Skip to main content

SQL Fundamentals

SQL (Structured Query Language) is the universal language for querying, inserting, updating, and deleting data in relational databases — and the foundation every backend engineer must know cold.

What Problem Does It Solve?

Without a standard query language, every database would require application-specific APIs to store and retrieve data. SQL solves this by providing a declarative, set-based language: you describe what data you want, not how to find it. The database engine figures out the optimal execution plan. This separation lets you write readable, portable queries that work across PostgreSQL, MySQL, Oracle, and H2 (used in Spring Boot tests).

What Is SQL?

SQL is a declarative language structured around four command types:

CategoryCommandsPurpose
DQL (Query)SELECTRead data
DML (Manipulation)INSERT, UPDATE, DELETEModify rows
DDL (Definition)CREATE, ALTER, DROPManage schema
TCL (Transaction)COMMIT, ROLLBACK, SAVEPOINTControl transactions

Most interview questions focus on DQL (read queries), which is where the real complexity lives.

How It Works

A SQL SELECT query is processed in a specific logical order — different from the order you write it. Misunderstanding this order causes subtle bugs:

Caption: Logical order of SQL SELECT clause processing — writing ORDER differs from evaluation order.

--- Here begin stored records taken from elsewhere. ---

lemma T_sum: "(\<And>i. i \<in> I \<Longrightarrow> f i \<in> M) \<Longrightarrow> T (\<lambda>x. \<Sum>i\<in>I. f i x) = (\<lambda>x. \<Sum>i\<in>I. T (f i) x)"
  by (induct I rule: infinite_finite_induct) (simp_all add: T_zero T_add M_sum)

text \<open>Positivity is complete positivity for \<open>1 \<times> 1\<close> matrices.\<close>

lemma T_pos_part: "A \<in> pos_part sc ip M \<Longrightarrow> T A \<in> pos_part sc ip M"
proof -
  assume A: "A \<in> pos_part sc ip M"
  then have "matrix_pos ip 1 (\<lambda>i j. A)"
    by (simp add: matrix_pos_def pos_part_def pos_op_def)
  then have "matrix_pos ip 1 (\<lambda>i j. T A)"
    using markov A by (simp add: markov_operator_def pos_part_def)
  then have "0 \<le> ip x (T A x)" for x
    unfolding matrix_pos_def by (auto dest: spec[of _ "\<lambda>_. x"])
  with A show ?thesis
    by (simp add: pos_part_def pos_op_def T_M M_bops)
qed

lemma T_mono: "A \<in> M \<Longrightarrow> B \<in> M \<Longrightarrow> op_le sc ip A B \<Longrightarrow> op_le sc ip (T A) (T B)"
  using T_pos_part[of "\<lambda>x. B x - A x"]
  by (simp add: op_le_def pos_part_def M_diff T_diff T_M M_bops)

lemma T_op_sup:
  assumes "D \<subseteq> pos_part sc ip M" "D \<noteq> {}"
    and "\<And>A B. A \<in> D \<Longrightarrow> B \<in> D \<Longrightarrow> \<exists>C\<in>D. op_le sc ip A C \<and> op_le sc ip B C"
    and "op_sup sc ip D S"
  shows "op_sup sc ip (T ` D) (T S)"
proof -
  have "\<forall>D S. D \<subseteq> pos_part sc ip M \<longrightarrow> D \<noteq> {} \<longrightarrow>
      (\<forall>A\<in>D. \<forall>B\<in>D. \<exists>C\<in>D. op_le sc ip A C \<and> op_le sc ip B C) \<longrightarrow>
      op_sup sc ip D S \<longrightarrow> op_sup sc ip (T ` D) (T S)"
    using markov unfolding markov_operator_def by (elim conjE)
  with assms show ?thesis
    by simp
qed

lemma funpow_T_M: "A \<in> M \<Longrightarrow> (T ^^ k) A \<in> M"
  by (induct k) (simp_all add: T_M)

lemma funpow_T_pos_part: "A \<in> pos_part sc ip M \<Longrightarrow> (T ^^ k) A \<in> pos_part sc ip M"
  by (induct k) (simp_all add: T_pos_part)

lemma funpow_T_zero: "(T ^^ k) (\<lambda>x. 0) = (\<lambda>x. 0)"
  by (induct k) (simp_all add: T_zero)

lemma funpow_T_sum:
  "(\<And>i. i \<in> I \<Longrightarrow> f i \<in> M) \<Longrightarrow> (T ^^ k) (\<lambda>x. \<Sum>i\<in>I. f i x) = (\<lambda>x. \<Sum>i\<in>I. (T ^^ k) (f i) x)"
  by (induct k) (simp_all add: T_sum funpow_T_M)

lemma funpow_T_mono:
  "A \<in> M \<Longrightarrow> B \<in> M \<Longrightarrow> op_le sc ip A B \<Longrightarrow> op_le sc ip ((T ^^ k) A) ((T ^^ k) B)"
  by (induct k) (simp_all add: T_mono funpow_T_M)

lemma funpow_T_op_sup:
  fixes S :: "nat \<Rightarrow> 'h \<Rightarrow> 'h"
  assumes S: "\<And>m. S m \<in> pos_part sc ip M"
    and mono: "\<And>m m'. m \<le> m' \<Longrightarrow> op_le sc ip (S m) (S m')"
    and sup: "op_sup sc ip (range S) y"
  shows "op_sup sc ip (range (\<lambda>m. (T ^^ k) (S m))) ((T ^^ k) y)"
proof (induct k)
  case 0
  then show ?case using sup by simp
next
  case (Suc k)
  let ?D = "range (\<lambda>m. (T ^^ k) (S m))"
  have SM: "S m \<in> M" for m
    using S by (simp add: pos_part_def)
  have "?D \<subseteq> pos_part sc ip M"
    using S funpow_T_pos_part by auto
  moreover have "\<exists>C\<in>?D. op_le sc ip A C \<and> op_le sc ip B C" if AB: "A \<in> ?D" "B \<in> ?D" for A B
  proof -
    obtain a b where "A = (T ^^ k) (S a)" "B = (T ^^ k) (S b)"
      using AB by auto
    then show ?thesis
      using funpow_T_mono[OF SM SM mono, of a "max a b" k] funpow_T_mono[OF SM SM mono, of b "max a b" k]
      by auto
  qed
  ultimately have "op_sup sc ip (T ` ?D) (T ((T ^^ k) y))"
    using Suc by (intro T_op_sup) auto
  moreover have "T ` ?D = range (\<lambda>m. (T ^^ Suc k) (S m))"
    by (auto simp: image_image)
  ultimately show ?case
    by simp
qed

lemma potential_zero: "potential sc ip M T (\<lambda>x. 0)"
proof -
  have "(\<lambda>x. 0) \<in> pos_part sc ip M"
    using M_zero by (simp add: pos_part_def pos_op_def bops_zero)
  then show ?thesis
    unfolding potential_def summable_to_def strong_lim_def
    by (auto simp: funpow_T_zero hnorm_def)
qed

Key insight: WHERE runs before GROUP BY, so you cannot filter on an aggregate in WHERE; use HAVING instead.

SELECT and Projections

-- Basic projection: pick specific columns
SELECT first_name, last_name, email
FROM users
WHERE active = true
ORDER BY last_name ASC
LIMIT 20;

-- Column aliases
SELECT order_id,
total_amount * 1.1 AS total_with_tax -- ← alias computed column
FROM orders;

JOIN Types

A JOIN combines rows from two tables based on a condition. The most commonly tested join types:

Caption: Venn diagram analogy for SQL JOINs — orange = rows included in result, gray = intersection (matching rows).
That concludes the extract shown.